DISCLAIMER: This posting is about the Idaho Supreme Court case, “City of Boise vs David R. Frazier.” Frazier is editor of the GUARDIAN.
Idaho’s Supreme court Friday denied motions filed by three special interest groups attempting to create a loophole allowing local governments to enter into long term debt without a vote of citizens.
Three associations representing most of Idaho’s cities, counties, and school boards filed briefs recently asking the court to modify the language in an April 13th decision denying Boise City’s attempt to build a parking garage at the airport without a vote of citizens.

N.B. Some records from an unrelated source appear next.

lemma critical_extension:
  assumes "M \<in> C"
  obtains N where "critical C N" "nrows N = nrows M" "ncols N = ncols M"
    "\<And>a b. ent M a b \<Longrightarrow> ent N a b"
proof -
  define S where "S = {N. N \<in> C \<and> nrows N = nrows M \<and> ncols N = ncols M \<and>
    (\<forall>a b. ent M a b \<longrightarrow> ent N a b)}"
  have "\<exists>N. N \<in> S \<and> (\<forall>N'. N' \<in> S \<longrightarrow> card (one_entries N') \<le> card (one_entries N))"
  proof (rule ex_has_greatest_nat)
    show "M \<in> S" using assms by (simp add: S_def)
    show "\<forall>N. N \<in> S \<longrightarrow> card (one_entries N) < Suc (nrows M * ncols M)"
      using card_one_entries_le by (metis (mono_tags) S_def le_imp_less_Suc mem_Collect_eq)
  qed
  then obtain N where N: "N \<in> S" and max: "\<And>N'. N' \<in> S \<Longrightarrow> card (one_entries N') \<le> card (one_entries N)"
    by blast
  have "critical C N"
    unfolding critical_def
  proof (intro conjI ballI impI)
    show "N \<in> C" using N by (simp add: S_def)
    fix i j assume zero: "i \<in> {1..nrows N}" "j \<in> {1..ncols N}" "\<not> ent N i j"
    show "set_one N i j \<notin> C"
    proof
      assume "set_one N i j \<in> C"
      with N have "set_one N i j \<in> S" by (auto simp: S_def ent_set_one)
      with max card_one_entries_set_one[OF zero] show False by fastforce
    qed
  qed
  with N that show ?thesis by (simp add: S_def)
qed

lemma finite_col_zero_runs: "finite (col_zero_runs M j)"
proof (rule finite_subset)
  show "col_zero_runs M j \<subseteq> (\<lambda>(a, b). {a..b}) ` ({0..nrows M} \<times> {0..nrows M})"
    by (force simp: col_zero_runs_def)
qed simp

lemma card_isolated_zeros_le_col_complexity:
  assumes "\<And>i. i \<in> S \<Longrightarrow> 1 < i \<and> i < nrows M \<and> \<not> ent M i j \<and> ent M (i - 1) j \<and> ent M (i + 1) j"
  shows "card S \<le> col_complexity M j"
proof -
  have "(\<lambda>i. {i..i}) ` S \<subseteq> col_zero_runs M j"
  proof
    fix R assume "R \<in> (\<lambda>i. {i..i}) ` S"
    then obtain i where "i \<in> S" "R = {i..i}" by blast
    with assms[of i] show "R \<in> col_zero_runs M j"
      unfolding col_zero_runs_def by (intro CollectI exI[of _ i]) auto
  qed
  moreover have "inj_on (\<lambda>i. {i..i}) S"
    by (rule inj_onI) simp
  ultimately show ?thesis
    unfolding col_complexity_def by (metis card_image card_mono finite_col_zero_runs)
qed

definition row_run_starts :: "bmat \<Rightarrow> nat \<Rightarrow> nat set" where
  "row_run_starts M i = {a \<in> {1..ncols M}. \<not> ent M i a \<and> (a = 1 \<or> ent M i (a - 1))}"

lemma row_zero_run_determined_by_start:
  assumes "{a..b} \<in> row_zero_runs M i" "{a..b'} \<in> row_zero_runs M i" "a \<le> b" "a \<le> b'"
  shows "b = b'"
proof (rule ccontr)
  have run: "a \<le> b" "b \<le> ncols M" "\<forall>j \<in> {a..b}. \<not> ent M i j" "b = ncols M \<or> ent M i (b + 1)"
    if "{a..b} \<in> row_zero_runs M i" "a \<le> b" for b
    using that unfolding row_zero_runs_def by (auto simp: Icc_eq_Icc)
  assume "b \<noteq> b'"
  then consider "b < b'" | "b' < b" by linarith
  then show False
    by cases (use run[OF assms(1,3)] run[OF assms(2,4)] in \<open>fastforce+\<close>)
qed

lemma row_complexity_le_card_run_starts: "row_complexity M i \<le> card (row_run_starts M i)"
  unfolding row_complexity_def
proof (rule card_inj_on_le)
  have start: "\<exists>b. R = {Min R..b} \<and> Min R \<le> b \<and> Min R \<in> row_run_starts M i"
    if "R \<in> row_zero_runs M i" for R
  proof -
    from that obtain a b where "R = {a..b}" "a \<le> b" "a \<in> row_run_starts M i"
      unfolding row_zero_runs_def row_run_starts_def by auto
    moreover from this have "Min R = a"
      by (intro Min_eqI) auto
    ultimately show ?thesis by auto
  qed
  show "inj_on Min (row_zero_runs M i)"
    by (rule inj_onI) (metis start row_zero_run_determined_by_start)
  show "Min ` row_zero_runs M i \<subseteq> row_run_starts M i"
    using start by blast
  show "finite (row_run_starts M i)"
    unfolding row_run_starts_def by simp
qed

lemma D4_simps:
  "nrows D4 = 4" "ncols D4 = 4" "ent D4 i j \<longleftrightarrow> i = j \<and> i \<in> {1, 2, 3, 4}"
  by (auto simp: D4_def nrows_def ncols_def ent_def)

lemma ent_in_box:
  "ent M a b \<Longrightarrow> lo < a \<Longrightarrow> a \<le> hi \<Longrightarrow> lo' < b \<Longrightarrow> b \<le> hi' \<Longrightarrow>
    \<exists>a\<in>{lo<..hi}. \<exists>b\<in>{lo'<..hi'}. ent M a b"
  by (meson greaterThanAtMost_iff)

David R. Frazier challenged Boise City’s attempt to use a legal maneuver known as “Judicial Confirmation” to build a new $27,000,000 parking structure instead of asking for permission from voters. The city said the construction was an “ordinary and necessary” expense. The tactic has been used by local governments statewide to go around voter approval of long term debt.
The Supreme Court issued an opinion which agreed with FRAZIER contention that a vote–a bond election–was needed. The court said a parking garage may be “ordinary,” but “necessary” would have to be something urgent involving public safety or an emergency that could not wait for an election.
None of the associations was a party to the legal proceedings and each sought to appear as a “friend of the court” to espouse their special interest. Friday the court said the matter was settled April 13th and the decision will stand with the language unchanged.